Exercise objective -> From the entries below, copy every line that holds the word "field".

(Listed records begins)

text \<open>The shape \<open>C A\<^sup>m + D B\<^sup>n\<close>, with the free factors on the left, survives right
  multiplication by \<open>A + B\<close>, because powers of \<open>B\<close> commute with \<open>A\<close>.\<close>

lemma matpow_add_commute_split:
  fixes A B :: "'a::comm_ring_1^'n^'n"
  assumes AB: "A ** B = B ** A"
  shows "\<exists>C D. matpow (A + B) (m + n) = C ** matpow A m + D ** matpow B n"
proof (induct m arbitrary: n)
  case 0
  show ?case by (rule exI[of _ "matpow (A + B) n"], rule exI[of _ 0]) simp
next
  case (Suc m)
  note IH_m = Suc.hyps
  show ?case
  proof (induct n)
    case 0
    show ?case by (rule exI[of _ 0], rule exI[of _ "matpow (A + B) (Suc m)"]) simp
  next
    case (Suc n)
    obtain C1 D1 where IH1: "matpow (A + B) (m + Suc n) = C1 ** matpow A m + D1 ** matpow B (Suc n)"
      using IH_m by blast
    obtain C2 D2 where IH2: "matpow (A + B) (Suc m + n) = C2 ** matpow A (Suc m) + D2 ** matpow B n"
      using Suc.hyps by blast
    have "matpow B (Suc n) ** A = A ** matpow B (Suc n)" "matpow A (Suc m) ** B = B ** matpow A (Suc m)"
      using matpow_commute[of A B] matpow_commute[of B A] AB by simp_all
    then have
      "C1 ** matpow A m ** A = C1 ** matpow A (Suc m)" "D1 ** matpow B (Suc n) ** A = D1 ** A ** matpow B (Suc n)"
      "C2 ** matpow A (Suc m) ** B = C2 ** B ** matpow A (Suc m)" "D2 ** matpow B n ** B = D2 ** matpow B (Suc n)"
      by (simp_all add: matpow_Suc flip: matrix_mul_assoc)
    moreover have "matpow (A + B) (Suc m + Suc n) = matpow (A + B) (m + Suc n) ** A + matpow (A + B) (Suc m + n) ** B"
      by (simp add: matpow_Suc matrix_add_ldistrib)
    ultimately have "matpow (A + B) (Suc m + Suc n) = (C1 + C2 ** B) ** matpow A (Suc m) + (D1 ** A + D2) ** matpow B (Suc n)"
      unfolding IH1 IH2 by (simp add: matrix_add_rdistrib add_ac)
    then show ?case by blast
  qed
qed

lemma nilpotent_mat_add:
  fixes A B :: "'a::comm_ring_1^'n^'n"
  assumes "A ** B = B ** A" "nilpotent_mat A" "nilpotent_mat B"
  shows "nilpotent_mat (A + B)"
proof -
  obtain a b where "matpow A a = 0" "matpow B b = 0"
    using assms by (auto simp: nilpotent_mat_iff_matpow)
  moreover obtain C D where "matpow (A + B) (a + b) = C ** matpow A a + D ** matpow B b"
    using matpow_add_commute_split[OF assms(1)] by blast
  ultimately show ?thesis by (auto simp: nilpotent_mat_iff_matpow)
qed

lemma nilpotent_mat_mult_commute:
  assumes "A ** B = B ** (A::'a::comm_ring_1^'n^'n)" "nilpotent_mat A"
  shows "nilpotent_mat (A ** B)"
proof -
  obtain k where "matpow A k = 0"
    using assms(2) by (auto simp: nilpotent_mat_iff_matpow)
  then have "matpow (A ** B) k = 0"
    by (simp add: matpow_mult_commute[OF assms(1)])
  then show ?thesis by (auto simp: nilpotent_mat_iff_matpow)
qed

lemma unipotent_mult:
  fixes A B :: "'a::comm_ring_1^'n^'n"
  assumes AB: "A ** B = B ** A" and "unipotent A" "unipotent B"
  shows "unipotent (A ** B)"
proof -
  have split: "A ** B - mat 1 = (A - mat 1) ** B + (B - mat 1)"
    by (simp add: matrix_diff_rdistrib)
  have "nilpotent_mat ((A - mat 1) ** B)"
    using assms by (intro nilpotent_mat_mult_commute)
      (simp_all add: matrix_diff_rdistrib matrix_diff_ldistrib unipotent_def)
  moreover have "((A - mat 1) ** B) ** (B - mat 1) = (B - mat 1) ** ((A - mat 1) ** B)"
    by (simp add: matrix_diff_rdistrib matrix_diff_ldistrib AB matrix_mul_assoc)
      (simp add: AB flip: matrix_mul_assoc)
  ultimately show ?thesis
    using assms unfolding unipotent_def split by (intro nilpotent_mat_add)
qed

lemma matpow_vector_on_invariant:
  fixes X M :: "'a::field^'n^'n"
  assumes "\<forall>w\<in>S. X *v w = c *s (M *v w)" "\<forall>w\<in>S. M *v w \<in> S" "w \<in> S"
  shows "matpow X k *v w = c ^ k *s (matpow M k *v w)"
  using assms(3)
proof (induct k arbitrary: w)
  case (Suc k)
  then have "matpow X (Suc k) *v w = c *s (c ^ k *s (matpow M k *v (M *v w)))"
    using assms(1,2) by (simp add: matpow_Suc_vector vector_scalar_commute)
  then show ?case
    by (simp add: matpow_Suc_vector vector_smult_assoc mult.commute)
qed simp

lemma nilpotent_on_invariant:
  fixes X N :: "'a::field^'n^'n"
  assumes "nilpotent_mat N" "\<forall>w\<in>S. X *v w = c *s (N *v w)" "\<forall>w\<in>S. N *v w \<in> S" "v \<in> S"
  shows "\<exists>k. matpow X k *v v = 0"
proof -
  obtain k where "matpow N k = 0"
    using assms(1) by (auto simp: nilpotent_mat_iff_matpow)
  then have "matpow X k *v v = 0"
    using matpow_vector_on_invariant[OF assms(2-4)] by simp
  then show ?thesis ..
qed

lemma nilpotent_mat_eigenvalue:
  fixes N :: "'a::field^'n^'n"
  assumes "nilpotent_mat N" "N *v u = c *s u" "u \<noteq> 0"
  shows "c = 0"
proof -
  obtain k where "matpow N k = 0"
    using assms(1) by (auto simp: nilpotent_mat_iff_matpow)
  moreover have "matpow N k *v u = c ^ k *s (matpow (mat 1) k *v u)"
    by (rule matpow_vector_on_invariant[of "{u}"]) (simp_all add: assms(2))
  moreover have "matpow (mat 1 :: 'a^'n^'n) k = mat 1"
    by (induct k) (simp_all add: matpow_Suc)
  ultimately show ?thesis
    using assms(3) by simp
qed

lemma unipotent_on_joint_eigenvector:
  fixes D D' U :: "'a::field^'n^'n"
  assumes U: "unipotent U" "D ** U = U ** D" "D' ** U = U ** D'"
    and w: "D *v w = \<mu> *s w" "D' *v w = \<nu> *s w"
  shows "\<exists>k. matpow (D ** D' ** U - mat (\<mu> * \<nu>)) k *v w = 0"
proof (rule nilpotent_on_invariant)
  define S where "S = {u. D *v u = \<mu> *s u \<and> D' *v u = \<nu> *s u}"
  have S_closed: "M *v u \<in> S" if "u \<in> S" "D ** M = M ** D" "D' ** M = M ** D'" for M u
  proof -
    have "D *v (M *v u) = M *v (D *v u)" "D' *v (M *v u) = M *v (D' *v u)"
      by (simp_all add: matrix_vector_mul_assoc that(2,3))
    then show ?thesis
      using that(1) by (simp add: S_def vector_scalar_commute)
  qed
  show "nilpotent_mat (U - mat 1)"
    using U(1) by (simp add: unipotent_def)
  show "\<forall>u\<in>S. (D ** D' ** U - mat (\<mu> * \<nu>)) *v u = (\<mu> * \<nu>) *s ((U - mat 1) *v u)"
  proof
    fix u
    assume "u \<in> S"
    then have "U *v u \<in> S"
      using S_closed U(2,3) by blast
    then have "(D ** D' ** U) *v u = (\<mu> * \<nu>) *s (U *v u)"
      by (simp add: S_def vector_scalar_commute vector_smult_assoc mult.commute
          flip: matrix_vector_mul_assoc)
    then show "(D ** D' ** U - mat (\<mu> * \<nu>)) *v u = (\<mu> * \<nu>) *s ((U - mat 1) *v u)"
      by (simp add: mat_diff_matrix_vector_mult vector_ssub_ldistrib)
  qed
  show "\<forall>u\<in>S. (U - mat 1) *v u \<in> S"
    using S_closed matrix_mult_commute_diff_mat U(2,3) by metis
  show "w \<in> S"
    using w by (simp add: S_def)
qed

section \<open>Spectral projections of diagonalizable matrices\<close>

definition diag_mat :: "('n \<Rightarrow> 'a::zero) \<Rightarrow> 'a^'n^'n" where
  "diag_mat d = (\<chi> i j. if i = j then d i else 0)"

lemma diag_mat_nth [simp]: "diag_mat d $ i $ j = (if i = j then d i else 0)"
  by (simp add: diag_mat_def)

lemma matrix_mult_diag_mat: "(M::'a::semiring_1^'n^'m) ** diag_mat d = (\<chi> i j. M$i$j * d j)"
  by (simp add: matrix_matrix_mult_def vec_eq_iff if_distrib if_distribR cong: if_cong)

lemma diag_mat_matrix_mult: "diag_mat d ** (M::'a::semiring_1^'m^'n) = (\<chi> i j. d i * M$i$j)"
  by (simp add: matrix_matrix_mult_def vec_eq_iff if_distrib if_distribR cong: if_cong)

lemma diag_mat_vector_mult: "diag_mat d *v (v::'a::semiring_1^'n) = (\<chi> i. d i * v$i)"
  by (simp add: matrix_vector_mult_def vec_eq_iff if_distrib if_distribR cong: if_cong)

definition spectral_decomp :: "'a::field^'n^'n \<Rightarrow> 'a set \<Rightarrow> ('a \<Rightarrow> 'a^'n^'n) \<Rightarrow> bool" where
  "spectral_decomp D \<Lambda> Pr \<longleftrightarrow> finite \<Lambda> \<and> (\<forall>v. (\<Sum>\<nu>\<in>\<Lambda>. Pr \<nu> *v v) = v) \<and>
     (\<forall>\<nu> v. D *v (Pr \<nu> *v v) = \<nu> *s (Pr \<nu> *v v)) \<and>
     (\<forall>Y \<nu>. Y ** D = D ** Y \<longrightarrow> Y ** Pr \<nu> = Pr \<nu> ** Y)"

(Listed records ends)

Your response ->
  fixes X M :: "'a::field^'n^'n"
  fixes X N :: "'a::field^'n^'n"
  fixes N :: "'a::field^'n^'n"
  fixes D D' U :: "'a::field^'n^'n"
definition spectral_decomp :: "'a::field^'n^'n \<Rightarrow> 'a set \<Rightarrow> ('a \<Rightarrow> 'a^'n^'n) \<Rightarrow> bool" where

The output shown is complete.